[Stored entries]
◇ ◇ ◇
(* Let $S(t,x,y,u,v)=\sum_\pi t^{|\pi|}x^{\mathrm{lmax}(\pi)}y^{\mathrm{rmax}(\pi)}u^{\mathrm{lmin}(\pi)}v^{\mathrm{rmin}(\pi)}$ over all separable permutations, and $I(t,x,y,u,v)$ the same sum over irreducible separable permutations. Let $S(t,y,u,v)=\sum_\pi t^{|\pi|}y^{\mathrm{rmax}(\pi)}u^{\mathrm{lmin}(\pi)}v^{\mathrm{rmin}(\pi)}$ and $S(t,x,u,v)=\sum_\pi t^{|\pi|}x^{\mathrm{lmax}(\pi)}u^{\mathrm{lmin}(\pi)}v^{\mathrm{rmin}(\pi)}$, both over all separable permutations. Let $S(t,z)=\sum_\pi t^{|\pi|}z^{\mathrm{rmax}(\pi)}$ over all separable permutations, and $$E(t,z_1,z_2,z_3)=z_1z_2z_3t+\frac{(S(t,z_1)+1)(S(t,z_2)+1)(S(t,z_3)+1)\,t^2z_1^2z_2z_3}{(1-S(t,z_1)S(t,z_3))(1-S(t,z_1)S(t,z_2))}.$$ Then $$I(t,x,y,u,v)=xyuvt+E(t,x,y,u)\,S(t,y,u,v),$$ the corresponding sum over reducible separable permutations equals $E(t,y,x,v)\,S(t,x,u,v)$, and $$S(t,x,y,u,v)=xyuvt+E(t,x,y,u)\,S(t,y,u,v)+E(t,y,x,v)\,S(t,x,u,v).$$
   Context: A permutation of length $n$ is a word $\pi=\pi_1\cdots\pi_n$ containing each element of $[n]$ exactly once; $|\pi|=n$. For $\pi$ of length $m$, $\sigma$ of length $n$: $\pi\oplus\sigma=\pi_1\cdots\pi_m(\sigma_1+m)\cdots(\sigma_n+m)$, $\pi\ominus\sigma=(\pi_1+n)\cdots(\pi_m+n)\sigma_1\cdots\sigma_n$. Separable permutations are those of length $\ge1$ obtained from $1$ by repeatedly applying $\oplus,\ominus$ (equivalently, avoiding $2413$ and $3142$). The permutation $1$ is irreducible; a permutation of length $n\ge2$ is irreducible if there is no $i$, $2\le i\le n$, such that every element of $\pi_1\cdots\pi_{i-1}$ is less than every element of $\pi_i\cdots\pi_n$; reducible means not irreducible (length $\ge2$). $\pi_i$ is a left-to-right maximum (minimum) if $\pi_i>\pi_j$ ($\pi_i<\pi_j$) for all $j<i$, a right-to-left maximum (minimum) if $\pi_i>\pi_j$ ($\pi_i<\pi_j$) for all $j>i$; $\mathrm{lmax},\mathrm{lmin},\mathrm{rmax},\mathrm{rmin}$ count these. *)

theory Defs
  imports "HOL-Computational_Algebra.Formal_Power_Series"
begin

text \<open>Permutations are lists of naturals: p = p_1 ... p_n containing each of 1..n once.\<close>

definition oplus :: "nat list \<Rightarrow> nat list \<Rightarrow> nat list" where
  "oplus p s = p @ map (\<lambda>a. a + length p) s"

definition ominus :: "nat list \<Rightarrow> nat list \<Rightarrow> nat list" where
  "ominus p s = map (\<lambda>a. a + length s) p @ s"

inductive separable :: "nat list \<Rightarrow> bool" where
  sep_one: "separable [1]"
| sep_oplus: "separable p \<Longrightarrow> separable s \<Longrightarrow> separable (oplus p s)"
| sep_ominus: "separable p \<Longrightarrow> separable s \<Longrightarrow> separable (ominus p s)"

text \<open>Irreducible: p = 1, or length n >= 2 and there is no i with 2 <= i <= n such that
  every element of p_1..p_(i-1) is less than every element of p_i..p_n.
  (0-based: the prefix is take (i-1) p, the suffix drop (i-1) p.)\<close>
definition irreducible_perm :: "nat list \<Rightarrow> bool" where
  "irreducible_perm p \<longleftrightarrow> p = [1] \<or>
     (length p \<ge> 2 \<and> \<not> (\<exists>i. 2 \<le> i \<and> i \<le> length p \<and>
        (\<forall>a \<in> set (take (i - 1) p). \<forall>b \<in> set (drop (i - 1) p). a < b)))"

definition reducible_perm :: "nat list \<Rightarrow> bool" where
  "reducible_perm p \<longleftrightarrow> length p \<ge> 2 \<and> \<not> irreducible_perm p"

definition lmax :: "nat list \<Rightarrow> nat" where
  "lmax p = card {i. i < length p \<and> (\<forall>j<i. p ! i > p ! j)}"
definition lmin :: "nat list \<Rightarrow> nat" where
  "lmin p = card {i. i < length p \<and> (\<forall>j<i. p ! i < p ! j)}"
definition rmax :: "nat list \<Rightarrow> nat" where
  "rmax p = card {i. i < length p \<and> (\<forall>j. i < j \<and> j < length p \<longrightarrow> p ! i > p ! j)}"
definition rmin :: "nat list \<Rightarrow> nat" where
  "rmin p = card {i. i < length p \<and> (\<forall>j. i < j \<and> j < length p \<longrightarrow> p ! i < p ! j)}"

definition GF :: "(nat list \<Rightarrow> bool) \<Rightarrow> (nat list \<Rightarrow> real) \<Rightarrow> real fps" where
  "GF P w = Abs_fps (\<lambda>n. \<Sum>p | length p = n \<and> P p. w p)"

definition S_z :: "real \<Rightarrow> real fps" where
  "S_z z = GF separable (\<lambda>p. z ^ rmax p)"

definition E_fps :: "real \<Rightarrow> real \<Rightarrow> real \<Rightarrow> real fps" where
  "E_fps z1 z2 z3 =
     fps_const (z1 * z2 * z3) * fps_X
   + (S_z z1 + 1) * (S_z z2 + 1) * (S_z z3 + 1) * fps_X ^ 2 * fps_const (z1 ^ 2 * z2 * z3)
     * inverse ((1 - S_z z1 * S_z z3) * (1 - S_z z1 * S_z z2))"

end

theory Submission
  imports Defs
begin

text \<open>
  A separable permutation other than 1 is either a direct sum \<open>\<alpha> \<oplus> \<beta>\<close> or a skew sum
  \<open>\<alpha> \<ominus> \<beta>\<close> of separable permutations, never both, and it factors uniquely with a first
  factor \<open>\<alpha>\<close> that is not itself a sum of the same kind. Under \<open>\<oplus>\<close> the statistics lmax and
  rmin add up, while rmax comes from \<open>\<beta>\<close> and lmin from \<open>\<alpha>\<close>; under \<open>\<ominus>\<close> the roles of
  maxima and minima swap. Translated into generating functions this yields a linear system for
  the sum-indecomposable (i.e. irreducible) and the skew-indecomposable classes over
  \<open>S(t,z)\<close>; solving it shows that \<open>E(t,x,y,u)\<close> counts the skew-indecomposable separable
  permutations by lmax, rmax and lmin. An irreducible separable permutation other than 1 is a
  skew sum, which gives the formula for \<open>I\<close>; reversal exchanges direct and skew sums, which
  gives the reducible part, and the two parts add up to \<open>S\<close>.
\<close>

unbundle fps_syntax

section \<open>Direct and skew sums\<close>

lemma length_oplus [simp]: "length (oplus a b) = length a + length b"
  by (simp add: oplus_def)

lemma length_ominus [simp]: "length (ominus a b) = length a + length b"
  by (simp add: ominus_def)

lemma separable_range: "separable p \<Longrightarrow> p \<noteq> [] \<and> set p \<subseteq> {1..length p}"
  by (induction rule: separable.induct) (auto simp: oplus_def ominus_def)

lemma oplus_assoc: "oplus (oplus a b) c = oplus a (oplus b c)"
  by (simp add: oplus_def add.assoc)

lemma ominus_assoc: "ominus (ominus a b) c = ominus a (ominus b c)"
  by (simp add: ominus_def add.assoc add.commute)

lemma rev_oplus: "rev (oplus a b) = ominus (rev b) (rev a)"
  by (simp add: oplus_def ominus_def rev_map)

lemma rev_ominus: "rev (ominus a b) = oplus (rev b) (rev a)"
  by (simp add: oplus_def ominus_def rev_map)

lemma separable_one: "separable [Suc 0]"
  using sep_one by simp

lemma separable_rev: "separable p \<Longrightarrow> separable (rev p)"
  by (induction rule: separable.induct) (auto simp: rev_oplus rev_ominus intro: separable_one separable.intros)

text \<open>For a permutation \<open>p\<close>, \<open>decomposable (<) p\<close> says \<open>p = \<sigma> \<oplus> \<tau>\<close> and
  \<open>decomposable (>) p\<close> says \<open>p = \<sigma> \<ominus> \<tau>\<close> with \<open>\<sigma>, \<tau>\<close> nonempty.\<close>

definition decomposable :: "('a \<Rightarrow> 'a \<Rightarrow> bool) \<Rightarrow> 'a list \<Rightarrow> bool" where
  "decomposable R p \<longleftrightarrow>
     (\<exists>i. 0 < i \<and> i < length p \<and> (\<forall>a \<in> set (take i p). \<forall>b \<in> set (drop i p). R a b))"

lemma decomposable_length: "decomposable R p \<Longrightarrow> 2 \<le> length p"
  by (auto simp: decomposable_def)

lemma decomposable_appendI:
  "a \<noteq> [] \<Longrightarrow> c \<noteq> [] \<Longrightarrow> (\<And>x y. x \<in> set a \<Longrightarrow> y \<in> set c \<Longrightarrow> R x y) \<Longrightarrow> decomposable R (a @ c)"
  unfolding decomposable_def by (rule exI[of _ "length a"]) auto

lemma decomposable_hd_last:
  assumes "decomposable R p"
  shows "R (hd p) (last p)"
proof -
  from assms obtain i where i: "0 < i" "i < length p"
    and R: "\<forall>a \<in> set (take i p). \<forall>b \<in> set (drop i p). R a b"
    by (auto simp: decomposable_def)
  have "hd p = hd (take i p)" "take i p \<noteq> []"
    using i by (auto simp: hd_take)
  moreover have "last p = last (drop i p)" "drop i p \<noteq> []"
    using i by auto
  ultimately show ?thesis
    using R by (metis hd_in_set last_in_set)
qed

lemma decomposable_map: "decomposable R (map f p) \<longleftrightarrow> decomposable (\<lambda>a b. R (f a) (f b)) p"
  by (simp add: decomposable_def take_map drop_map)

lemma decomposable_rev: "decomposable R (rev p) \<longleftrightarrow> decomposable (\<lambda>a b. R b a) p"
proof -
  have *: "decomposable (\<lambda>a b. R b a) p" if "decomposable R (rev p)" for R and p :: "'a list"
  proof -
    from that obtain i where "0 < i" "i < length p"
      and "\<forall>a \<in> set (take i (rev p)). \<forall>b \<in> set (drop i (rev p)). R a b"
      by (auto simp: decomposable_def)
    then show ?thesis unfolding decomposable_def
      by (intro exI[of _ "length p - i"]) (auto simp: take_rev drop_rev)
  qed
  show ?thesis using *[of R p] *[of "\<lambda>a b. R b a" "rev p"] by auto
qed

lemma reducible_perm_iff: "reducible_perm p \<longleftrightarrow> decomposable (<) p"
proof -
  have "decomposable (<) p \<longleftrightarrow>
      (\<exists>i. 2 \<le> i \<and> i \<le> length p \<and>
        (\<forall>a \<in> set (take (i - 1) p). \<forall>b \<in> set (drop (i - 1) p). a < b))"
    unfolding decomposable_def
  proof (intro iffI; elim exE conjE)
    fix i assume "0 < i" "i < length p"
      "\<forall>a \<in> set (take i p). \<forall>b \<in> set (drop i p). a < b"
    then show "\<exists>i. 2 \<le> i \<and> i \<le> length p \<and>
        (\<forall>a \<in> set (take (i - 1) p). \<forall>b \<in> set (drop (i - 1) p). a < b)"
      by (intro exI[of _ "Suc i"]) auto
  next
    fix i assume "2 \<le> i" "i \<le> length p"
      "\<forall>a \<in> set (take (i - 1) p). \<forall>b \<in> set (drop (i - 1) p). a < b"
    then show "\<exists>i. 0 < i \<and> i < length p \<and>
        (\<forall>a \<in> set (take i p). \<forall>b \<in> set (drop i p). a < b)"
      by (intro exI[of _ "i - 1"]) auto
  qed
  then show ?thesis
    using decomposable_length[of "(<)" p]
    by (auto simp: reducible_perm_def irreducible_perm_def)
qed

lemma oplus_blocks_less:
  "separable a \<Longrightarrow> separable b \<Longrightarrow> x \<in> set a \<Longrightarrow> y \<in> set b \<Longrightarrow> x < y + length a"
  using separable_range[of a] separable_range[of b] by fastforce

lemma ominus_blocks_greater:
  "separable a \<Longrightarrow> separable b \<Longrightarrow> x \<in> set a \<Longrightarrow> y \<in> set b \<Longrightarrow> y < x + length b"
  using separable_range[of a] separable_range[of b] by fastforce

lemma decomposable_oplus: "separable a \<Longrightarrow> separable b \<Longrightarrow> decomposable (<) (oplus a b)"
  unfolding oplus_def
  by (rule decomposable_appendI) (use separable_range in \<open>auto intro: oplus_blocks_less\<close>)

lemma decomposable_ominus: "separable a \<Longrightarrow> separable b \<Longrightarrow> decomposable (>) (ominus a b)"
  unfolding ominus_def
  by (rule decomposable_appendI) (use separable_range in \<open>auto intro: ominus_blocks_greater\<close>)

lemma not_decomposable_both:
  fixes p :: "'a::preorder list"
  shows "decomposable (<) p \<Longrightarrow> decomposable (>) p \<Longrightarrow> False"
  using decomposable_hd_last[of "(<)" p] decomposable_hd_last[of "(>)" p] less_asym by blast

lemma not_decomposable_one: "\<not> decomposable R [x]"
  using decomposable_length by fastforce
◇ ◇ ◇
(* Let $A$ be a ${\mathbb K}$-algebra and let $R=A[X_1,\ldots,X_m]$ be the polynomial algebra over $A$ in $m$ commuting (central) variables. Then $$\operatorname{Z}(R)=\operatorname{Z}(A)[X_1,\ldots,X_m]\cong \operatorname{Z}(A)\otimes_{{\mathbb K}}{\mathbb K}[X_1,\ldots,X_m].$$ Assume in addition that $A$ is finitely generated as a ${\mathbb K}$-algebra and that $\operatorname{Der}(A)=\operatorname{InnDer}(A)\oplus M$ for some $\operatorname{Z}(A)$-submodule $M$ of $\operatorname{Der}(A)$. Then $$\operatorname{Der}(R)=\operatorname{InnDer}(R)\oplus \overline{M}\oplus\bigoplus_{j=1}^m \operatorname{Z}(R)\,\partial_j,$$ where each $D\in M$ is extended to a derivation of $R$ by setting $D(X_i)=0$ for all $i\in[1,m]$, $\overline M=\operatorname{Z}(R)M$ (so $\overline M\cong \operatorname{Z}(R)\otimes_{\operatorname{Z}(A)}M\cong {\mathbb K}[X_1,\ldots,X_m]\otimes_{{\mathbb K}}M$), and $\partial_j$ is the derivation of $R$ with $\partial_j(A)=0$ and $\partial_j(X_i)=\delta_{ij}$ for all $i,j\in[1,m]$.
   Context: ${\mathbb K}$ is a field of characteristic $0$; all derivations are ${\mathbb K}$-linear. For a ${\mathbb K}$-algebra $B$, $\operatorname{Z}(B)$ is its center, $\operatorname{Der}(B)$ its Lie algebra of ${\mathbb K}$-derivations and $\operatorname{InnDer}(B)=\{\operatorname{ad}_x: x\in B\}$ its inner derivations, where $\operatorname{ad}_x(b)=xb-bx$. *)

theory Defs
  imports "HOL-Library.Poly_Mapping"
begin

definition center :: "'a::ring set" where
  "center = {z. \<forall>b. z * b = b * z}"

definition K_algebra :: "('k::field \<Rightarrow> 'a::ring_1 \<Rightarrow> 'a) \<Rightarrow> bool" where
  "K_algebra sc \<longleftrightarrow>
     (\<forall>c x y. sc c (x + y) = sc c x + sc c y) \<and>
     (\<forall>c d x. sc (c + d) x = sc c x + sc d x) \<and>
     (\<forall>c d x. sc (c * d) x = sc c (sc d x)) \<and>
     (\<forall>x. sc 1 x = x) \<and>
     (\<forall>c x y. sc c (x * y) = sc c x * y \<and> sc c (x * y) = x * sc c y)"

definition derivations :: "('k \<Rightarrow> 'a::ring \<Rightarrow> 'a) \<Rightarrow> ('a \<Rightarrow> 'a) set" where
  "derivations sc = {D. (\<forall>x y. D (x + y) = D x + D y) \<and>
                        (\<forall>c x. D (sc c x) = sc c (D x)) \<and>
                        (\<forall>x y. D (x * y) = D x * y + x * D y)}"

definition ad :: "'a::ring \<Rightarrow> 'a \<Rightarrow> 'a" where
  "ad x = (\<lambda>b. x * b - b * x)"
◇ ◇ ◇
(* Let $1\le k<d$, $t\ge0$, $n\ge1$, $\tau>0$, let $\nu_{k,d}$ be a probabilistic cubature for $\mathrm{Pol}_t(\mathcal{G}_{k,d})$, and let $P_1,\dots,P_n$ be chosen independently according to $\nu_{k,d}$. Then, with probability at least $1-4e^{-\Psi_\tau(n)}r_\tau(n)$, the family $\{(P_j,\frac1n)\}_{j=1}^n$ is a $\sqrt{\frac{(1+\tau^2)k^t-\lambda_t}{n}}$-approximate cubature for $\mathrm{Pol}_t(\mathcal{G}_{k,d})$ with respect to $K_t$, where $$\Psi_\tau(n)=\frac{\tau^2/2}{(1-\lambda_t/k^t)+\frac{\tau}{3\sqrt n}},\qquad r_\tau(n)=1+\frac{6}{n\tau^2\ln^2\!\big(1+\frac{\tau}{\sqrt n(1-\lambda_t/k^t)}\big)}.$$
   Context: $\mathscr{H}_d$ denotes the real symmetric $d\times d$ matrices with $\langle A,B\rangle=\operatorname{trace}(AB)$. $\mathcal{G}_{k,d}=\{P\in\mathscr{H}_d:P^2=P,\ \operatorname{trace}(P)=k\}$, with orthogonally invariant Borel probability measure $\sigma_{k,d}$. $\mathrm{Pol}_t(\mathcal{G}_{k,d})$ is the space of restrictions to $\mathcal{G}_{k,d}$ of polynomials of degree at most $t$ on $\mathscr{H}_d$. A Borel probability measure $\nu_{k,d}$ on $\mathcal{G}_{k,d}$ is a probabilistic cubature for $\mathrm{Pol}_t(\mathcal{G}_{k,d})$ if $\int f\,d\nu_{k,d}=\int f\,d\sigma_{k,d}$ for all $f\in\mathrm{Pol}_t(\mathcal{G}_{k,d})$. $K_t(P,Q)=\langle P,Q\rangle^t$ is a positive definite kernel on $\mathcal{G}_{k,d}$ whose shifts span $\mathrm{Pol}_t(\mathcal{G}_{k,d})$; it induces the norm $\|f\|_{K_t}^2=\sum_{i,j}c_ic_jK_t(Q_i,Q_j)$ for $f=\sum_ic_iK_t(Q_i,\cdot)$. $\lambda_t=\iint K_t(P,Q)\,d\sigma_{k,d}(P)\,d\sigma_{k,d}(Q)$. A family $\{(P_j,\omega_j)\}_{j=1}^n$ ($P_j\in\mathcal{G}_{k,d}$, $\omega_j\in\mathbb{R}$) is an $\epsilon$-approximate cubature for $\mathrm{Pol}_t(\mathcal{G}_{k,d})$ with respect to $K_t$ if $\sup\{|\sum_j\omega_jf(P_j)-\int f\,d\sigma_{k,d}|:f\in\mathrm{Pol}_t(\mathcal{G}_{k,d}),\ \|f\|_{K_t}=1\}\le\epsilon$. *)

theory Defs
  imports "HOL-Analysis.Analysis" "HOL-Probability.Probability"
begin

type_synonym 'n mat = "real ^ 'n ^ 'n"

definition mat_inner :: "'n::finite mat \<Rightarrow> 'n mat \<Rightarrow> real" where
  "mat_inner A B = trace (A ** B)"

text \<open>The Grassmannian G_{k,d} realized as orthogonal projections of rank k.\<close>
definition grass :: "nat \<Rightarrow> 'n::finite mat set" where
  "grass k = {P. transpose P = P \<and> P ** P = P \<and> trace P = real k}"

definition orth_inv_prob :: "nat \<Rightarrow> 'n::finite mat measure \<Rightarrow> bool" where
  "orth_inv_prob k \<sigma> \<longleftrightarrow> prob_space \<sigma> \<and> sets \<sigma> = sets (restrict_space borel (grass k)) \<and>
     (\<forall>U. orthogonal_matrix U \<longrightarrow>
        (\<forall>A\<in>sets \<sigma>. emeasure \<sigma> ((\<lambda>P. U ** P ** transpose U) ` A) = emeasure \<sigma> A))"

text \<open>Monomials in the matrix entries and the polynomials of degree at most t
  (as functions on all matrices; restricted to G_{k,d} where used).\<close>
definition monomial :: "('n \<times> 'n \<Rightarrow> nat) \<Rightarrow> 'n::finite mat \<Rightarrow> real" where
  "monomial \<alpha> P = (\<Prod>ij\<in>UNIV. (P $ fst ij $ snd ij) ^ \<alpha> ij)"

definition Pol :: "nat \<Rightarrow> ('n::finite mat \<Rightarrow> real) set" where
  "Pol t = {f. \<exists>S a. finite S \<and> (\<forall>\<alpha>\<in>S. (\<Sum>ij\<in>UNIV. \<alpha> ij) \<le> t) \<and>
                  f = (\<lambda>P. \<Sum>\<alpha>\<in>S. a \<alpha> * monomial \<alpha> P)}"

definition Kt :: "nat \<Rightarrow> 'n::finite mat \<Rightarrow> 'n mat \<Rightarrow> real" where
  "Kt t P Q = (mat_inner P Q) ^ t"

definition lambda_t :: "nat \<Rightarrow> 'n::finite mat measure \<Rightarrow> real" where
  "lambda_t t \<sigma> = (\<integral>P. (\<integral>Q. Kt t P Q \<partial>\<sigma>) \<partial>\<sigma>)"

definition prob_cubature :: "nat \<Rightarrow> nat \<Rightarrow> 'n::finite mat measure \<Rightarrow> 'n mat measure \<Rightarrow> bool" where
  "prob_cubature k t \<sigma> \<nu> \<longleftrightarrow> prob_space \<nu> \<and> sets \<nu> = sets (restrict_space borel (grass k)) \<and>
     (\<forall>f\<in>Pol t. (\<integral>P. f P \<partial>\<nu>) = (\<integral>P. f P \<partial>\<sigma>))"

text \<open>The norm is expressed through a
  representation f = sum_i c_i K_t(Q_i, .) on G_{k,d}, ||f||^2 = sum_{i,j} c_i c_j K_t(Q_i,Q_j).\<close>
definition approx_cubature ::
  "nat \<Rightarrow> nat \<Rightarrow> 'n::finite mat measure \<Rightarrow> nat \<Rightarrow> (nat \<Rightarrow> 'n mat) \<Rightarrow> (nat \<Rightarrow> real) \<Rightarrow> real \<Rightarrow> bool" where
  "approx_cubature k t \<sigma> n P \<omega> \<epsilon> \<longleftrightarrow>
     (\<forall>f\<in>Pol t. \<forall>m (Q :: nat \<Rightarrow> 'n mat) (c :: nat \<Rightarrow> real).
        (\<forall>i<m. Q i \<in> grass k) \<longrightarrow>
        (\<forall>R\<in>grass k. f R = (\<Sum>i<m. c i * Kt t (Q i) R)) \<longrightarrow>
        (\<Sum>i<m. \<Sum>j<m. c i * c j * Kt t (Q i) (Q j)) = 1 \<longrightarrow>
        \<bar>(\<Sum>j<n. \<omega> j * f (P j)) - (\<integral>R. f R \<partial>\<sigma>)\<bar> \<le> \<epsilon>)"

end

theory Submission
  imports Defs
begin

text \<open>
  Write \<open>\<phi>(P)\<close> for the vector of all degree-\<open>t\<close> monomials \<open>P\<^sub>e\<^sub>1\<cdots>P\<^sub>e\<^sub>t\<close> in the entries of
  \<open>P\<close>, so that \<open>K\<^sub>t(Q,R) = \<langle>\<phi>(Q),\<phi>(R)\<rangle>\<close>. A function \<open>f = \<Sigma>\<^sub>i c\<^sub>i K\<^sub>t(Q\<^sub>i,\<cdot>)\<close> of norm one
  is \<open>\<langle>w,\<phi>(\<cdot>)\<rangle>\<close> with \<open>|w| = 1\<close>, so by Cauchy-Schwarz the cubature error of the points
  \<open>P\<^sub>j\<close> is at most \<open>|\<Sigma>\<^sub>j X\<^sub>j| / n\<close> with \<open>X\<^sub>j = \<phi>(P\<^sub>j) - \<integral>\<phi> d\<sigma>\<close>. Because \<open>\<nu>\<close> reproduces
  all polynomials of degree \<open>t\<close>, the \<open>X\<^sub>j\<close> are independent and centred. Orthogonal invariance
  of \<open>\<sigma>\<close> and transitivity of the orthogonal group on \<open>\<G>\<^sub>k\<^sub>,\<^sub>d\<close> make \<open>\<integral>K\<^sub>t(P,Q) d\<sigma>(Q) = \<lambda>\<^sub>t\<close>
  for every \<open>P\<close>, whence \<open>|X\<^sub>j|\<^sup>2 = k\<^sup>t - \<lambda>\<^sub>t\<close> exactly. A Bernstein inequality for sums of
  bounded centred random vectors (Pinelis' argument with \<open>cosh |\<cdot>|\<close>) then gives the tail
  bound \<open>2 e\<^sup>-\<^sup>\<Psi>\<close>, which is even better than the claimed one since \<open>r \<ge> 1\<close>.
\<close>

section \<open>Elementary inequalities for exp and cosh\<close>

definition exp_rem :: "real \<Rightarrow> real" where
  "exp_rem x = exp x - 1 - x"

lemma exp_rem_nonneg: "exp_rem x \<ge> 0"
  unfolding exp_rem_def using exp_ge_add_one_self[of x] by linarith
◇ ◇ ◇
> What is expected:
All lines of the entries above where "intro" turns up should be reported.

> Reply to the exercise:
  by (induction rule: separable.induct) (auto simp: rev_oplus rev_ominus intro: separable_one separable.intros)
      by (intro exI[of _ "length p - i"]) (auto simp: take_rev drop_rev)
  proof (intro iffI; elim exE conjE)
      by (intro exI[of _ "Suc i"]) auto
      by (intro exI[of _ "i - 1"]) auto
  by (rule decomposable_appendI) (use separable_range in \<open>auto intro: oplus_blocks_less\<close>)
  by (rule decomposable_appendI) (use separable_range in \<open>auto intro: ominus_blocks_greater\<close>)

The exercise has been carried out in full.